Repair a single replica

When one or more MSR replicas are unhealthy but the overall majority (n/2 + 1) is healthy and able to communicate with one another, your MSR cluster is still functional and healthy.

Cluster with two nodes unhealthy

Given that the MSR cluster is healthy, there is no need to execute a disaster recovery procedure, such as restoring from a backup. Instead, you should:

Instead, you should:

  1. Remove the unhealthy replicas from the MSR cluster.

  2. Join new replicas to make MSR highly available.

The order in which you perform these operations is important, as an MSR cluster requires a majority of replicas to be healthy at all times. If you join more replicas before removing the ones that are unhealthy, your MSR cluster might become unhealthy.

Split-brain scenario

To understand why you should remove unhealthy replicas before joining new ones, imagine you have a five-replica MSR deployment, and something goes wrong with the overlay network connection the replicas, causing them to be separated in two groups.

Cluster with network problem

Because the cluster originally had five replicas, it can work as long as three replicas are still healthy and able to communicate (5 / 2 + 1 = 3). Even though the network separated the replicas in two groups, MSR is still healthy.
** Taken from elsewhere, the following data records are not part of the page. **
lemma T4_sep_iff:
  assumes "x \<in> X" "y \<in> X"
  shows "T4_sep X T x y \<longleftrightarrow> \<not> zigzag4 X (specialization T) x y"
proof
  assume "T4_sep X T x y"
  then obtain J K UJ UK where J: "closed_in_top X T J" "x \<in> J" "J \<subseteq> UJ"
    and K: "closed_in_top X T K" "y \<in> K" "K \<subseteq> UK"
    and U: "UJ \<in> T" "UK \<in> T" "UJ \<inter> UK = {}"
    unfolding T4_sep_def by blast
  show "\<not> zigzag4 X (specialization T) x y"
  proof
    assume "zigzag4 X (specialization T) x y"
    then obtain w1 w2 z where w: "w1 \<in> X" "w2 \<in> X" "specialization T x w1"
      "specialization T y w2" and z: "specialization T z w1" "specialization T z w2"
      unfolding zigzag4_def by blast
    have "w1 \<in> UJ" "w2 \<in> UK"
      using closed_up_closed[OF J(1,2)] closed_up_closed[OF K(1,2)] J(3) K(3) w by blast+
    then have "z \<in> UJ" "z \<in> UK"
      using open_down_closed U z by blast+
    with U(3) show False by blast
  qed
next
  assume no_zigzag: "\<not> zigzag4 X (specialization T) x y"
  let ?J = "{w\<in>X. specialization T x w}" and ?K = "{w\<in>X. specialization T y w}"
  have no_link: "\<not> (\<exists>a\<in>?J. \<exists>b\<in>?K. \<exists>z\<in>X. specialization T z a \<and> specialization T z b)"
    using no_zigzag unfolding zigzag4_def by auto
  have "?J \<subseteq> X" "?K \<subseteq> X"
    using assms by auto
  from open_hulls_disjoint_iff[OF this] no_link
  have "\<Union>(min_open T ` ?J) \<inter> \<Union>(min_open T ` ?K) = {}"
    by (rule iffD2)
  moreover have "x \<in> ?J" "?J \<subseteq> \<Union>(min_open T ` ?J)" "y \<in> ?K" "?K \<subseteq> \<Union>(min_open T ` ?K)"
    using assms self_in_min_open[of _ T] unfolding specialization_def by blast+
  moreover note up_set_closed[OF assms(1)] up_set_closed[OF assms(2)]
  moreover have "\<Union>(min_open T ` ?J) \<in> T" "\<Union>(min_open T ` ?K) \<in> T"
    by (rule open_hull_in, blast)+
  ultimately show "T4_sep X T x y"
    unfolding T4_sep_def by blast
qed

lemma sep_of_iff:
  assumes "x \<in> X" "y \<in> X"
  shows "sep_of i X T x y \<longleftrightarrow> (case i of
      T3p \<Rightarrow> \<not> zigzag3 X (specialization T) x y \<or> \<not> zigzag3 X (specialization T) y x
    | T3pp \<Rightarrow> \<not> zigzag3 X (specialization T) x y \<and> \<not> zigzag3 X (specialization T) y x
    | T4 \<Rightarrow> \<not> zigzag4 X (specialization T) x y)"
  using assms
  by (cases i) (simp_all add: T3p_sep_def T3pp_sep_def sep_b_iff_sep_a sep_a_iff T4_sep_iff)

end

definition down_sets :: "'a set \<Rightarrow> ('a \<Rightarrow> 'a \<Rightarrow> bool) \<Rightarrow> 'a set set" where
  "down_sets X R = {U. U \<subseteq> X \<and> (\<forall>a\<in>X. \<forall>b\<in>U. R a b \<longrightarrow> a \<in> U)}"

lemma finite_topology_down_sets: "finite X \<Longrightarrow> finite_topology X (down_sets X R)"
  unfolding finite_topology_def down_sets_def by blast

lemma specialization_down_sets:
  assumes refl: "\<And>a. a \<in> X \<Longrightarrow> R a a"
    and trans: "\<And>a b c. a \<in> X \<Longrightarrow> b \<in> X \<Longrightarrow> c \<in> X \<Longrightarrow> R a b \<Longrightarrow> R b c \<Longrightarrow> R a c"
    and "a \<in> X" "b \<in> X"
  shows "specialization (down_sets X R) a b \<longleftrightarrow> R a b"
proof
  have "{c\<in>X. R c b} \<in> down_sets X R" "b \<in> {c\<in>X. R c b}"
    unfolding down_sets_def using assms by blast+
  then show "specialization (down_sets X R) a b \<Longrightarrow> R a b"
    unfolding specialization_def min_open_def by blast
next
  show "R a b \<Longrightarrow> specialization (down_sets X R) a b"
    unfolding specialization_def min_open_def down_sets_def using assms(3) by blast
qed

lemma top_height_leI:
  assumes "\<And>h v. inj_on v {..<h} \<Longrightarrow> v ` {..<h} \<subseteq> X \<Longrightarrow>
      (\<forall>j. Suc j < h \<longrightarrow> min_open T (v j) \<subseteq> min_open T (v (Suc j))) \<Longrightarrow> h \<le> n"
  shows "top_height X T \<le> n"
proof -
  let ?H = "{h. \<exists>v :: nat \<Rightarrow> 'a. inj_on v {..<h} \<and> v ` {..<h} \<subseteq> X \<and>
       (\<forall>j. Suc j < h \<longrightarrow> min_open T (v j) \<subseteq> min_open T (v (Suc j)))}"
  have "0 \<in> ?H"
    by auto
  then have "?H \<noteq> {}"
    by blast
  moreover have bounded: "\<forall>h\<in>?H. h \<le> n"
    using assms by blast
  moreover have "finite ?H"
    using bounded finite_nat_set_iff_bounded_le by blast
  ultimately show ?thesis
    unfolding top_height_def by (intro Max.boundedI) auto
qed

context finite_preorder
begin

lemma specialization_down_sets_flat:
  "a \<in> X \<Longrightarrow> b \<in> X \<Longrightarrow> specialization (down_sets X flat) a b \<longleftrightarrow> flat a b"
  by (rule specialization_down_sets) (auto intro: flat_refl flat_trans)

lemma top_height_down_sets_flat: "top_height X (down_sets X flat) \<le> 3"
proof (rule top_height_leI, rule ccontr)
  fix h and v :: "nat \<Rightarrow> 'a"
  assume inj: "inj_on v {..<h}" and X: "v ` {..<h} \<subseteq> X" and "\<not> h \<le> 3"
    and chain: "\<forall>j. Suc j < h \<longrightarrow>
      min_open (down_sets X flat) (v j) \<subseteq> min_open (down_sets X flat) (v (Suc j))"
  then have "j < 4 \<Longrightarrow> v j \<in> X" for j
    by auto
  moreover have "v j \<noteq> v (Suc j)" if "j < 3" for j
    using inj_onD[OF inj, of j "Suc j"] that \<open>\<not> h \<le> 3\<close> by auto
  moreover have "flat (v j) (v (Suc j))" if "j < 3" for j
  proof -
    have "specialization (down_sets X flat) (v j) (v (Suc j))"
      using chain that \<open>\<not> h \<le> 3\<close> by (intro specialization_if_min_open_subset) auto
    with calculation(1)[of j] calculation(1)[of "Suc j"] that show ?thesis
      using specialization_down_sets_flat by simp
  qed
  ultimately show False
    using no_flat_chain4[of "v 0" "v 1" "v 2" "v 3"] by (simp add: numeral_eq_Suc)
qed

end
If at this point you join a new replica instead of fixing the network problem or removing the two replicas that got isolated from the rest, it is possible that the new replica ends up in the side of the network partition that has less replicas.

cluster with split brain

When this happens, both groups now have the minimum amount of replicas needed to establish a cluster. This is also known as a split-brain scenario, because both groups can now accept writes and their histories start diverging, making the two groups effectively two different clusters.

Scale Helm deployment

Important

With MSR 3.0 you can configure the number of replicas, however you cannot add or remove separate replicas.

To scale your Helm deployment, you must first obtain your MSR deployment:

kubectl get deployment

Next, run the following command to add and remove replicas from your MSR deployment.

kubectl scale deployment --replicas=3 <deployment-name>

Example:

kubectl scale deployment --replicas=3 msr-api

For comprehensive information on how to scale MSR on Helm up and down as a Kubernetes application, refer to the Kubernetes documenation Running Multiple Instances of Your App.